HBase uses HDFS as storage layer, HDFs masks the heterogeneity of the underlying file system, and the load balancing, fault-tolerant and fault recovery of cluster data are transparent to the upper layer. This makes the structure of hbase very simple and clear, and the cluster extensibility is very prominent. At the same time, HBase uses zookeeper as distributed message middleware to manage the state of each node in the cluster operation and ensure the consistency of distributed transaction.

Through the use of HDFs and zookeeper,hbase to achieve the management node master and Service node region Server runtime stateless design concept, service node region The essential meaning of the memstore and Blockcache structures that are managed in the server is caching. When the system runtime replaces, adds or deletes a service node without relying on any information stored by the service node, the process of data recovery is very simple in load balancing, cluster expansion and failure. Operations such as adding a server or discovering the server's offline cluster load rebalancing can be done in 1 minutes or even seconds without the need to roll back the log. The work of the Management node Hmaster in HBase is only to maintain the sequence of changes in the state of the cluster stored in zookeeper, acting as the watchdog role. When an exception occurs in the Management node, Backup Master can activate immediately without affecting the normal use of the cluster.

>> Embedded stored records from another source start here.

(* Let $n\in\mathbb N$ and let $G\subset H$ be subgroups of the symmetric group $S_n$. If for a ballean $X$ the $G$-symmetric power $[X]^n_G$ is normal, then the $H$-symmetric power $[X]^n_H$ is normal.
   Context: A ballean is a pair $(X,\mathcal E_X)$ where $X$ is a set and $\mathcal E_X$ is a family of subsets of $X\times X$ (entourages) such that: each $E\in\mathcal E_X$ contains the diagonal $\Delta_X$; for any $E,F\in\mathcal E_X$ there is $D\in\mathcal E_X$ with $E\circ F^{-1}\subset D$; and $\bigcup\mathcal E_X=X\times X$. For $E\in\mathcal E_X$, $x\in X$, $A\subset X$: $E[x]=\{y:(x,y)\in E\}$, $E[A]=\bigcup_{a\in A}E[a]$. $B\subset X$ is bounded if $B\subset E[x]$ for some $E\in\mathcal E_X$, $x\in X$; $\mathcal B_X$ is the family of bounded sets. Sets $A,B$ are asymptotically disjoint if $E[A]\cap E[B]\in\mathcal B_X$ for all $E\in\mathcal E_X$; $U$ is an asymptotic neighborhood of $A$ if $E[A]\setminus U\in\mathcal B_X$ for all $E$; $X$ is normal if any two asymptotically disjoint sets have disjoint asymptotic neighborhoods. The power $X^n$ ($n=\{0,\dots,n-1\}$) has entourages $\{(x,y)\in X^n\times X^n:(x(i),y(i))\in E_i\ \forall i\}$, $E_i\in\mathcal E_X$. For a subgroup $G\subset S_n$, $[X]^n_G=\{xG:x\in X^n\}$ where $xG=\{x\circ g:g\in G\}$, with entourages $\hat E=\{(xG,yG):(x,y)\in E\}$ for $E$ an entourage of $X^n$. *)

theory Defs
  imports "HOL-Algebra.Sym_Groups" "HOL-Library.FuncSet"
begin

definition ballean :: "'a set \<Rightarrow> ('a \<times> 'a) set set \<Rightarrow> bool" where
  "ballean X EE \<longleftrightarrow>
     (\<forall>E\<in>EE. E \<subseteq> X \<times> X \<and> Id_on X \<subseteq> E) \<and>
     (\<forall>E\<in>EE. \<forall>F\<in>EE. \<exists>D\<in>EE. E O F\<inverse> \<subseteq> D) \<and>
     \<Union>EE = X \<times> X"

definition bounded_set :: "'a set \<Rightarrow> ('a \<times> 'a) set set \<Rightarrow> 'a set \<Rightarrow> bool" where
  "bounded_set X EE B \<longleftrightarrow> (\<exists>E\<in>EE. \<exists>x\<in>X. B \<subseteq> E `` {x})"
(* Let $S$ be a Polish space and $\mu_0$ a diffuse probability measure on $S$. Let $\boldsymbol{\mu}$ be an exchangeable stick-breaking process (ESB) with base measure $\mu_0$ and exchangeable length variables $(\mathbf{v}_i)_{i\ge1}$ such that marginally $\mathbf{v}_i\sim\mathrm{Be}(a,b)$ for some $a,b>0$. Then $\boldsymbol{\mu}$ is proper and has full support.
   Context: A species sampling process on $S$ with diffuse base measure $\mu_0$ is a random probability measure $\boldsymbol{\mu}=\sum_{j\ge1}\mathbf{w}_j\delta_{\boldsymbol{\xi}_j}+(1-\sum_{j}\mathbf{w}_j)\mu_0$, where $\mathbf{w}_j\ge0$, $\sum_j\mathbf{w}_j\le1$ a.s., and the weights are independent of the i.i.d. atoms $\boldsymbol{\xi}_j\sim\mu_0$. It is proper if $\sum_j\mathbf{w}_j=1$ a.s. An ESB is such a process with weights $\mathbf{w}_1=\mathbf{v}_1$, $\mathbf{w}_j=\mathbf{v}_j\prod_{i<j}(1-\mathbf{v}_i)$, where $(\mathbf{v}_i)_{i\ge1}$ is an exchangeable sequence of $[0,1]$-valued random variables. $\mathrm{Be}(a,b)$ is the Beta distribution. "Full support" means the weak-topology support of the law of $\boldsymbol{\mu}$ is the set of all probability measures whose support is contained in the support of $\mu_0$. *)

theory Defs
  imports "HOL-Probability.Probability"
begin

definition beta_density :: "real \<Rightarrow> real \<Rightarrow> real \<Rightarrow> real" where
  "beta_density a b x =
     indicator {0<..<1} x * x powr (a - 1) * (1 - x) powr (b - 1) / Beta a b"

definition exchangeable :: "'w measure \<Rightarrow> (nat \<Rightarrow> 'w \<Rightarrow> real) \<Rightarrow> bool" where
  "exchangeable M v \<longleftrightarrow>
     (\<forall>i. v i \<in> borel_measurable M) \<and>
     (\<forall>n \<pi>. \<pi> permutes {..<n} \<longrightarrow>
        distr M (PiM UNIV (\<lambda>_. borel)) (\<lambda>\<omega> i. v (\<pi> i) \<omega>)
          = distr M (PiM UNIV (\<lambda>_. borel)) (\<lambda>\<omega> i. v i \<omega>))"
lemma orbit_Suc_right: "orbit M (Suc t) x = orbit M t (M *v x)"
  by (simp only: orbit_def funpow_Suc_right comp_def)

lemma orbit_add: "orbit M t (x + y) = orbit M t x + orbit M t y"
  by (induct t) (simp_all add: orbit_Suc matrix_vector_right_distrib)

lemma orbit_zero [simp]: "orbit M t 0 = 0"
  by (induct t) (simp_all add: orbit_Suc)

lemma orbit_scalar: "orbit (M::'a::field^'n^'n) t (c *s x) = c *s orbit M t x"
  by (induct t) (simp_all add: orbit_Suc vector_scalar_commute)

lemma orbit_sum: "orbit M t (\<Sum>i\<in>I. f i) = (\<Sum>i\<in>I. orbit M t (f i))"
  by (induct I rule: infinite_finite_induct) (simp_all add: orbit_add)

lemma tendsto_zero_if_contracting:
  fixes s e :: "nat \<Rightarrow> real"
  assumes s_nonneg: "\<And>t. 0 \<le> s t" and "0 \<le> \<rho>" "\<rho> < 1"
    and step: "\<And>t. s (Suc t) \<le> \<rho> * s t + e t" and e: "e \<longlonglongrightarrow> 0"
  shows "s \<longlonglongrightarrow> 0"
proof (rule LIMSEQ_I)
  fix \<epsilon> :: real assume "0 < \<epsilon>"
  then have "0 < \<epsilon> * (1 - \<rho>) / 2" using \<open>\<rho> < 1\<close> by simp
  from LIMSEQ_D[OF e this] obtain T where T: "\<And>t. t \<ge> T \<Longrightarrow> norm (e t) < \<epsilon> * (1 - \<rho>) / 2"
    by auto
  have bound: "s (T + k) \<le> \<rho> ^ k * s T + \<epsilon> / 2" for k
  proof (induct k)
    case 0 then show ?case using \<open>0 < \<epsilon>\<close> by simp
  next
    case (Suc k)
    have "s (T + Suc k) \<le> \<rho> * s (T + k) + \<epsilon> * (1 - \<rho>) / 2"
      using step[of "T + k"] T[of "T + k"] by simp
    also have "\<dots> \<le> \<rho> * (\<rho> ^ k * s T + \<epsilon> / 2) + \<epsilon> * (1 - \<rho>) / 2"
      using Suc \<open>0 \<le> \<rho>\<close> by (simp add: mult_left_mono)
    also have "\<dots> = \<rho> ^ Suc k * s T + \<epsilon> / 2" by (simp add: field_simps)
    finally show ?case .
  qed
  have "(\<lambda>k. \<rho> ^ k * s T) \<longlonglongrightarrow> 0"
    using assms(2,3) by (intro tendsto_mult_left_zero LIMSEQ_power_zero) auto
  from LIMSEQ_D[OF this half_gt_zero[OF \<open>0 < \<epsilon>\<close>]] obtain K where
    K: "\<And>k. k \<ge> K \<Longrightarrow> \<rho> ^ k * s T < \<epsilon> / 2" by (force simp del: norm_mult)
  have "norm (s n) < \<epsilon>" if "n \<ge> T + K" for n
  proof -
    have "s n \<le> \<rho> ^ (n - T) * s T + \<epsilon> / 2" using bound[of "n - T"] that by simp
    also have "\<dots> < \<epsilon>" using K[of "n - T"] that by (simp add: le_diff_conv2)
    finally show ?thesis using s_nonneg[of n] by simp
  qed
  then show "\<exists>n0. \<forall>n\<ge>n0. norm (s n - 0) < \<epsilon>" by auto
qed

text \<open>\<open>poly_mv M p v\<close> is \<open>p(M) v\<close>, evaluated by Horner's rule.\<close>

definition poly_mv :: "'a::field^'n^'n \<Rightarrow> 'a poly \<Rightarrow> 'a^'n \<Rightarrow> 'a^'n" where
  "poly_mv M p = fold_coeffs (\<lambda>a f v. a *s v + M *v f v) p (\<lambda>v. 0)"

lemma poly_mv_0 [simp]: "poly_mv M 0 v = 0"
  by (simp add: poly_mv_def)

lemma poly_mv_pCons [simp]: "poly_mv M (pCons a p) v = a *s v + M *v poly_mv M p v"
  by (cases "p = 0"; cases "a = 0") (simp_all add: poly_mv_def)

lemma poly_mv_add: "poly_mv M (p + q) v = poly_mv M p v + poly_mv M q v"
proof (induction p arbitrary: q)
  case (pCons a p)
  then show ?case
    by (cases q) (simp add: vector_sadd_rdistrib matrix_vector_right_distrib algebra_simps)
qed simp

lemma poly_mv_smult: "poly_mv M (smult c p) v = c *s poly_mv M p v"
  by (induct p) (simp_all add: vector_add_ldistrib vector_smult_assoc vector_scalar_commute)

lemma poly_mv_mult: "poly_mv M (p * q) v = poly_mv M p (poly_mv M q v)"
  by (induct p) (simp_all add: poly_mv_add poly_mv_smult)

lemma poly_mv_monom: "poly_mv M (monom c i) v = c *s orbit M i v"
  by (induct i) (simp_all add: monom_0 monom_Suc orbit_Suc vector_scalar_commute)

lemma poly_mv_sum: "poly_mv M (\<Sum>i\<in>I. f i) v = (\<Sum>i\<in>I. poly_mv M (f i) v)"
  by (induct I rule: infinite_finite_induct) (simp_all add: poly_mv_add)

lemma poly_mv_linear: "poly_mv M [:-z, 1:] v = M *v v - z *s v"
  by (simp add: vector_smult_lneg)

lemma norm_vector_scalar_mult: "norm ((c::'a::real_normed_field) *s (x::'a^'n)) = norm c * norm x"
proof -
  have "norm (c *s x) = L2_set (\<lambda>i. norm c * norm (x $ i)) UNIV"
    unfolding norm_vec_def by (simp only: vector_smult_component norm_mult)
  also have "\<dots> = norm c * norm x"
    unfolding norm_vec_def by (rule L2_set_right_distrib[symmetric]) simp
  finally show ?thesis .
qed

lemma exists_annihilating_poly:
  fixes M :: "'a::field^'n^'n"
  obtains p where "p \<noteq> 0" "poly_mv M p v = 0"
proof (cases "inj_on (\<lambda>i. orbit M i v) {..CARD('n)}")
  case True
  let ?S = "(\<lambda>i. orbit M i v) ` {..CARD('n)}"
  have "vec.dim ?S \<le> CARD('n)"
    by (metis subset_UNIV vec.dim_subset vec_dim_card)
  also have "\<dots> < card ?S" using True by (simp add: card_image)
  finally have "vec.dependent ?S" by (intro vec.dependent_biggerset_general)
  then obtain c where c: "\<exists>w\<in>?S. c w \<noteq> 0" "(\<Sum>w\<in>?S. c w *s w) = 0"
    using vec.dependent_finite[of ?S] by auto
  define p where "p = (\<Sum>i\<le>CARD('n). monom (c (orbit M i v)) i)"
  have "poly_mv M p v = (\<Sum>w\<in>?S. c w *s w)"
    by (simp add: p_def poly_mv_sum poly_mv_monom sum.reindex[OF True])
  then have "poly_mv M p v = 0" using c(2) by simp
  moreover from c(1) obtain i where "i \<le> CARD('n)" "c (orbit M i v) \<noteq> 0" by auto
  then have "coeff p i \<noteq> 0" by (simp add: p_def coeff_sum_monom)
  then have "p \<noteq> 0" by auto
  ultimately show ?thesis using that by blast
next
  case False
  then obtain i j where "i \<noteq> j" "orbit M i v = orbit M j v" unfolding inj_on_def by auto
  moreover define p where "p = monom (1::'a) j + monom (-1) i"
  ultimately have "coeff p j \<noteq> 0" "poly_mv M p v = 0"
    by (simp_all add: p_def poly_mv_add poly_mv_monom vector_smult_lneg)
  then have "p \<noteq> 0" "poly_mv M p v = 0" by auto
  then show ?thesis by (rule that)
qed

text \<open>If \<open>p(M) v = 0\<close>, split off a root \<open>z\<close> of \<open>p = (X - z) q\<close>: either \<open>q(M) v = 0\<close>, or
  \<open>q(M) v\<close> is an eigenvector for \<open>z\<close>, so \<open>|z| < 1\<close>, and \<open>M\<^sup>t v\<close> obeys
  \<open>M\<^sup>t\<^sup>+\<^sup>1 v = z M\<^sup>t v + M\<^sup>t (M - z) v\<close>, where \<open>q\<close> annihilates \<open>(M - z) v\<close>.\<close>

lemma orbit_tendsto_zero_if_annihilated:
  fixes M :: "complex^'n^'n"
  assumes eig: "\<And>l w. w \<noteq> 0 \<Longrightarrow> M *v w = l *s w \<Longrightarrow> cmod l < 1"
  shows "p \<noteq> 0 \<Longrightarrow> poly_mv M p v = 0 \<Longrightarrow> (\<lambda>t. orbit M t v) \<longlonglongrightarrow> 0"
proof (induct "degree p" arbitrary: p v rule: less_induct)
  case less
  show ?case
  proof (cases "degree p = 0")
    case True
    then have p: "p = [:coeff p 0:]" by (metis degree_0_id)
    have "coeff p 0 *s v = 0" using less.prems(2) by (subst (asm) p) simp
    moreover have "coeff p 0 \<noteq> 0" using less.prems(1) by (metis p pCons_0_0)
    ultimately have "v = 0" by simp
    then show ?thesis by simp
  next
    case False
    then have "\<not> constant (poly p)" by (simp add: constant_degree)
    then obtain z where "poly p z = 0" using fundamental_theorem_of_algebra by blast
    then obtain q where pq: "p = [:-z, 1:] * q" by (metis dvdE poly_eq_0_iff_dvd)
    have "q \<noteq> 0" using less.prems pq by auto
    then have deg: "degree q < degree p" using pq by (simp add: degree_mult_eq del: mult_pCons_left)
    define w where "w = M *v v - z *s v"
    have "poly_mv M q w = poly_mv M p v"
      unfolding pq w_def by (simp only: mult.commute[of "[:-z, 1:]" q] poly_mv_mult poly_mv_linear)
    then have w: "(\<lambda>t. orbit M t w) \<longlonglongrightarrow> 0" using less.hyps[OF deg \<open>q \<noteq> 0\<close>] less.prems by simp
    show ?thesis
    proof (cases "poly_mv M q v = 0")
      case True
      then show ?thesis using less.hyps[OF deg \<open>q \<noteq> 0\<close>] by simp
    next
      case False
      have "poly_mv M [:-z, 1:] (poly_mv M q v) = poly_mv M p v" unfolding pq poly_mv_mult ..
      then have "M *v poly_mv M q v - z *s poly_mv M q v = 0" using less.prems(2) by (simp only: poly_mv_linear)
      then have "cmod z < 1" using eig[OF False] by simp
      have "M *v v = w + z *s v" by (simp add: w_def)
      then have "orbit M (Suc t) v = orbit M t w + z *s orbit M t v" for t
        by (simp add: orbit_Suc_right orbit_add orbit_scalar)
      then have step: "norm (orbit M (Suc t) v) \<le> cmod z * norm (orbit M t v) + norm (orbit M t w)" for t
        using norm_triangle_ineq[of "orbit M t w" "z *s orbit M t v"]
        by (simp add: norm_vector_scalar_mult)
      have "(\<lambda>t. norm (orbit M t v)) \<longlonglongrightarrow> 0"
        by (rule tendsto_zero_if_contracting[OF _ _ \<open>cmod z < 1\<close> step tendsto_norm_zero[OF w]]) auto
      then show ?thesis by (simp add: tendsto_norm_zero_iff)
    qed
  qed
qed
text \<open>
  With N = M(2t, u^2) for u = P_n(s) - P_n(t), orthogonality bounds N by a multiple of
  |s - t| \<surd>N, hence \<surd>N = O(|s - t|).
\<close>

lemma P_diff_lipschitz:
  assumes "t > 0"
  obtains K where "K \<ge> 0"
    and "\<And>s x. s \<in> {t/2..2*t} \<Longrightarrow> x \<in> {t/2..2*t} \<Longrightarrow>
           \<bar>poly (P n s - P n t) x\<bar> \<le> K * \<bar>s - t\<bar>"
proof -
  obtain C where C: "C \<ge> 0"
    "\<And>u x. (\<And>i. i \<ge> n \<Longrightarrow> coeff u i = 0) \<Longrightarrow> x \<in> {t/2..2*t} \<Longrightarrow>
      \<bar>poly u x\<bar> \<le> C * sqrt (moment (2*t) (u * u))"
    using sup_le_moment_norm[where T = "2*t" and n = n and a = "t/2" and b = "2*t"] assms by auto
  obtain E where E: "E \<ge> 0" "\<And>x. x \<in> {t/2..2*t} \<Longrightarrow> \<bar>wpoly (P n t) x\<bar> \<le> E"
    using wpoly_bound_Icc[of "t/2"] assms by auto
  have "\<bar>poly (P n s - P n t) x\<bar> \<le> (C * C * B * E) * \<bar>s - t\<bar>"
    if s: "s \<in> {t/2..2*t}" and x: "x \<in> {t/2..2*t}" for s x
  proof -
    define u where "u = P n s - P n t"
    define N where "N = moment (2*t) (u * u)"
    have "s > 0" using s assms by simp
    have u_low: "coeff u i = 0" if "i \<ge> n" for i
      unfolding u_def using \<open>s > 0\<close> assms that by (rule coeff_P_diff_eq_0)
    have u_bound: "\<bar>poly u z\<bar> \<le> C * sqrt N" if "z \<in> {t/2..2*t}" for z
      unfolding N_def using u_low that by (rule C(2))
    have "N \<le> moment s (u * u)"
      unfolding N_def using s assms by (intro moment_square_antimono) auto
    also have "\<dots> = B * (partial_moment (P n t * u) s - partial_moment (P n t * u) t)"
      using moment_P_diff_mult[where n = n, OF \<open>s > 0\<close> assms u_low, folded u_def] .
    also have "\<dots> \<le> B * (E * (C * sqrt N) * \<bar>s - t\<bar>)"
    proof -
      have "\<bar>wpoly (P n t * u) z\<bar> \<le> E * (C * sqrt N)" if "z \<in> {t/2..2*t}" for z
      proof -
        have "\<bar>wpoly (P n t * u) z\<bar> = \<bar>wpoly (P n t) z\<bar> * \<bar>poly u z\<bar>"
          by (simp add: wpoly_def abs_mult)
        also have "\<dots> \<le> E * (C * sqrt N)"
          using E u_bound[OF that] that by (intro mult_mono) auto
        finally show ?thesis .
      qed
      then have "\<bar>partial_moment (P n t * u) s - partial_moment (P n t * u) t\<bar>
          \<le> E * (C * sqrt N) * \<bar>s - t\<bar>"
        using s assms by (intro partial_moment_lipschitz[where a = "t/2" and b = "2*t"]) auto
      then show ?thesis using B_pos by (simp add: mult_left_mono)
    qed
    finally have "sqrt N \<le> B * E * C * \<bar>s - t\<bar>"
      using moment_square_nonneg[of "2*t" u] assms B_pos E(1) C(1)
      by (intro sqrt_le_of_le_mult_sqrt) (simp_all add: N_def mult_ac)
    then have "C * sqrt N \<le> C * (B * E * C * \<bar>s - t\<bar>)" using C(1) by (rule mult_left_mono)
    with u_bound[OF x] show ?thesis by (simp add: u_def mult_ac)
  qed
  moreover have "C * C * B * E \<ge> 0" using C(1) E(1) B_pos by simp
  ultimately show ?thesis using that by blast
qed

The various problems of hbase

HBase also has a number of users criticized the deficiencies, such as the native hbase does not support indexing (many NoSQL data are indexed as the basic function of their support, such as also have many fans of the MongoDB) Query method, only support based on the primary key data read and write and range query, Data filtering for non-primary key columns can only be done through a filter that is inefficient. If a user establishes an index from the client, he or she needs to maintain the consistency of the index table and the data table, while HBase does not support cross row or cross table transactions, which can result in the failure of the data rollback complex logic requires the user to complete.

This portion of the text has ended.